Pero no lo logró. Le había ofrecido por mí un televisor de veintiún pulgadas, y no quiso
aceptar… otra vez se volvió decepcionado…
Pero su hermano mayor, a la sazón chatarrero, un tiempo después vuelve lo de su tía y me
adquiere por la irrisoria suma de quinientos pesos…
Envuelto en una bolsa de plástico negro a bordo de un Volkswagen Suran rojo, partí hacia
mi destino final…
Aún envuelto en la bolsa de plástico negro, al tiempo de llegar, oigo apagadamente una
conversación. Se había cerrado un trato, y fui comprado por la misma suma; esta vez por el
otrora niño que tanto me admiraba…
No puedo describir la alegría de haber caído en sus manos. Al fin estábamos juntos!
Pero se enfrentaba a una enormidad de trabajo conmigo.
Mi caja de roble hacía mucho había perdido su lustre original, y una tablita de una moldura
de mi parte inferior colgaba torcida y medio despegada.
Sacó mi mecanismo con cuidado y lo guardó aparte. Limpió a conciencia mi caja y sacó los
vidrios de mi puerta para lavarlos bien.
La tablita torcida fue despegada y puesta a hervir en agua. Luego la aprisionó entre dos
planchas planas hasta secarse. Ahí fue encolada y enclavada en su lugar.
Le llevó cerca de tres meses barnizar capa por capa (unas tres o cuatro, creo), dejarlas secar
bien, lustrar tanto mi caja como la puerta y luego colocar los vidrios. Después se encargó de mi
mecanismo. Lo lavó con gasolina (que se seca bastante rápido) y lubricó cada eje y hasta las
cuerdas de acero (para prevenir herrumbre) con aceite con grafito. Ajustó cada uno de los tres
macitos que golpean las respectivas varillas de acero de mi carillón, hasta lograr un sonido
potente, tal como el que había oído en su niñez en casa de su abuelo. También barnizó el poste
donde se asienta mi péndulo, cuyo disco presentaba una mancha de corrosión por la cual no
pudo hacer gran cosa.
Aclaro que este muchacho no es relojero, pero se apañó muy bien para ir restaurándome
casi a mi condición original, considerando mi edad…
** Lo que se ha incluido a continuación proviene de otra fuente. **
(* Let $R$ be an abelian $\star$-ring. If $a\in R$ is $\star$-clean, then $ae$ is $\star$-clean for every $e\in P(R)$.
   Context: Rings are associative with identity; $R$ is abelian if all its idempotents are central. A $\star$-ring is a ring with a map $\star$ satisfying $(x+y)^\star=x^\star+y^\star$, $(xy)^\star=y^\star x^\star$, $(x^\star)^\star=x$. A projection is $p$ with $p^2=p=p^\star$; $P(R)$ is the set of projections, $U(R)$ the units. An element $x$ is $\star$-clean if $x=u+p$ with $u\in U(R)$, $p\in P(R)$. *)

theory Defs
  imports Main
begin

definition star_ring :: "('a::ring_1 \<Rightarrow> 'a) \<Rightarrow> bool" where
  "star_ring s \<longleftrightarrow> (\<forall>x y. s (x + y) = s x + s y) \<and> (\<forall>x y. s (x * y) = s y * s x)
     \<and> (\<forall>x. s (s x) = x)"

definition abelian_ring :: "'a::ring_1 itself \<Rightarrow> bool" where
  "abelian_ring _ \<longleftrightarrow> (\<forall>e::'a. e * e = e \<longrightarrow> (\<forall>x. e * x = x * e))"

definition projections :: "('a::ring_1 \<Rightarrow> 'a) \<Rightarrow> 'a set" where
  "projections s = {p. p * p = p \<and> p = s p}"

definition ring_units :: "'a::ring_1 set" where
  "ring_units = {u. \<exists>v. u * v = 1 \<and> v * u = 1}"

definition star_clean :: "('a::ring_1 \<Rightarrow> 'a) \<Rightarrow> 'a \<Rightarrow> bool" where
  "star_clean s x \<longleftrightarrow> (\<exists>u p. u \<in> ring_units \<and> p \<in> projections s \<and> x = u + p)"

end

theory Submission
  imports Defs
begin

text \<open>Write \<open>a = u + p\<close> and put \<open>f = 1 - e\<close>. Since \<open>e\<close> is central, \<open>ae = (ue - f) + (pe + f)\<close>:
  the element \<open>ue - f\<close> is a unit with inverse \<open>u\<^sup>-\<^sup>1e - f\<close>, because \<open>e\<close> and \<open>f\<close> are
  orthogonal central idempotents summing to \<open>1\<close>, and \<open>pe + f\<close> is a projection, being the sum of
  the orthogonal commuting projections \<open>pe\<close> and \<open>f\<close>.\<close>

lemma star_ring_one:
  assumes "star_ring s"
  shows "s 1 = 1"
proof -
  have "s 1 = s 1 * s (s 1)"
    using assms unfolding star_ring_def by simp
  also have "\<dots> = s (s 1 * 1)"
    using assms unfolding star_ring_def by metis
  also have "\<dots> = 1"
    using assms unfolding star_ring_def by simp
  finally show ?thesis .
qed

lemma star_ring_diff:
  assumes "star_ring s"
  shows "s (x - y) = s x - s y"
proof -
  have "s x = s (x - y) + s y"
    using assms unfolding star_ring_def by (metis diff_add_cancel)
  then show ?thesis
    by (simp add: algebra_simps)
qed

lemma abelian_ring_idempotent_central:
  assumes "abelian_ring TYPE('a::ring_1)" and "(e::'a) * e = e"
  shows "e * x = x * e"
  using assms unfolding abelian_ring_def by blast

lemma idempotent_complement:
  fixes e :: "'a::ring_1"
  assumes "e * e = e"
  shows "(1 - e) * (1 - e) = 1 - e" and "e * (1 - e) = 0" and "(1 - e) * e = 0"
  using assms by (simp_all add: algebra_simps)

lemma unit_corner_minus_complement:
  fixes u e :: "'a::ring_1"
  assumes "u \<in> ring_units" and "e * e = e" and central: "\<And>x. e * x = x * e"
  shows "u * e - (1 - e) \<in> ring_units"
proof -
  obtain v where uv: "u * v = 1" "v * u = 1"
    using assms(1) unfolding ring_units_def by blast
  have corner: "x * e * (y * e) = x * y * e" for x y
    by (metis assms(2) central mult.assoc)
  have cross: "x * e * (1 - e) = 0" "(1 - e) * (x * e) = 0" for x
    using idempotent_complement[OF assms(2)] central
    by (metis mult.assoc mult_zero_right, metis mult.assoc mult_zero_left)
  have inverse: "(x * e - (1 - e)) * (y * e - (1 - e)) = 1" if "x * y = 1" for x y
  proof -
    have "(x * e - (1 - e)) * (y * e - (1 - e))
        = x * e * (y * e) - x * e * (1 - e) - (1 - e) * (y * e) + (1 - e) * (1 - e)"
      by (simp add: algebra_simps)
    also have "\<dots> = e + (1 - e)"
      using that by (simp add: corner cross idempotent_complement[OF assms(2)])
    finally show ?thesis
      by simp
  qed
  show ?thesis
    unfolding ring_units_def using inverse[OF uv(1)] inverse[OF uv(2)] by blast
qed

lemma projection_corner_plus_complement:
  assumes "star_ring s" and "p \<in> projections s" and "e \<in> projections s" and "p * e = e * p"
  shows "p * e + (1 - e) \<in> projections s"
proof -
  have pp: "p * p = p" and sp: "s p = p" and ee: "e * e = e" and se: "s e = e"
    using assms(2,3) unfolding projections_def by auto
  have pepe: "p * e * (p * e) = p * e"
    by (metis assms(4) ee pp mult.assoc)
  have cross: "p * e * (1 - e) = 0" "(1 - e) * (p * e) = 0"
    using idempotent_complement[OF ee]
    by (metis mult.assoc mult_zero_right, metis assms(4) mult.assoc mult_zero_left)
  have "(p * e + (1 - e)) * (p * e + (1 - e))
      = p * e * (p * e) + (1 - e) * (p * e) + (p * e * (1 - e) + (1 - e) * (1 - e))"
    by (simp only: distrib_left distrib_right)
  also have "\<dots> = p * e + (1 - e)"
    by (simp add: pepe cross idempotent_complement[OF ee])
  finally have "(p * e + (1 - e)) * (p * e + (1 - e)) = p * e + (1 - e)" .
  moreover have "s (p * e + (1 - e)) = p * e + (1 - e)"
    using assms(1,4) unfolding star_ring_def
    by (simp add: star_ring_diff[OF assms(1)] star_ring_one[OF assms(1)] sp se)
  ultimately show ?thesis
    unfolding projections_def by simp
qed

theorem proposition4p14:
  fixes s :: "'a::ring_1 \<Rightarrow> 'a" and a :: 'a
  assumes "star_ring s"
    and "abelian_ring TYPE('a)"
    and "star_clean s a"
  shows "\<forall>e \<in> projections s. star_clean s (a * e)"
proof
  fix e assume e: "e \<in> projections s"
  obtain u p where u: "u \<in> ring_units" and p: "p \<in> projections s" and a: "a = u + p"
    using assms(3) unfolding star_clean_def by blast
  have ee: "e * e = e"
    using e unfolding projections_def by simp
  have central: "e * x = x * e" for x
    using abelian_ring_idempotent_central[OF assms(2) ee] .
  have "a * e = (u * e - (1 - e)) + (p * e + (1 - e))"
    unfolding a by (simp add: algebra_simps)
  then show "star_clean s (a * e)"
    unfolding star_clean_def
    using unit_corner_minus_complement[OF u ee central]
      projection_corner_plus_complement[OF assms(1) p e central[symmetric]]
    by blast
qed

end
Una vez listas todas mis partes, me fue ensamblando poco a poco hasta estar completo. Y
así, el trece de julio de dos mil trece, a las veinte horas con trece minutos, fui puesto en marcha
nuevamente…
Ahí sigo, colgado de la pared principal del comedor, con mi eterno trabajo de dar las horas
y las medias, esta vez mimado por alguien que me quiere y vela porque funcione yo bien.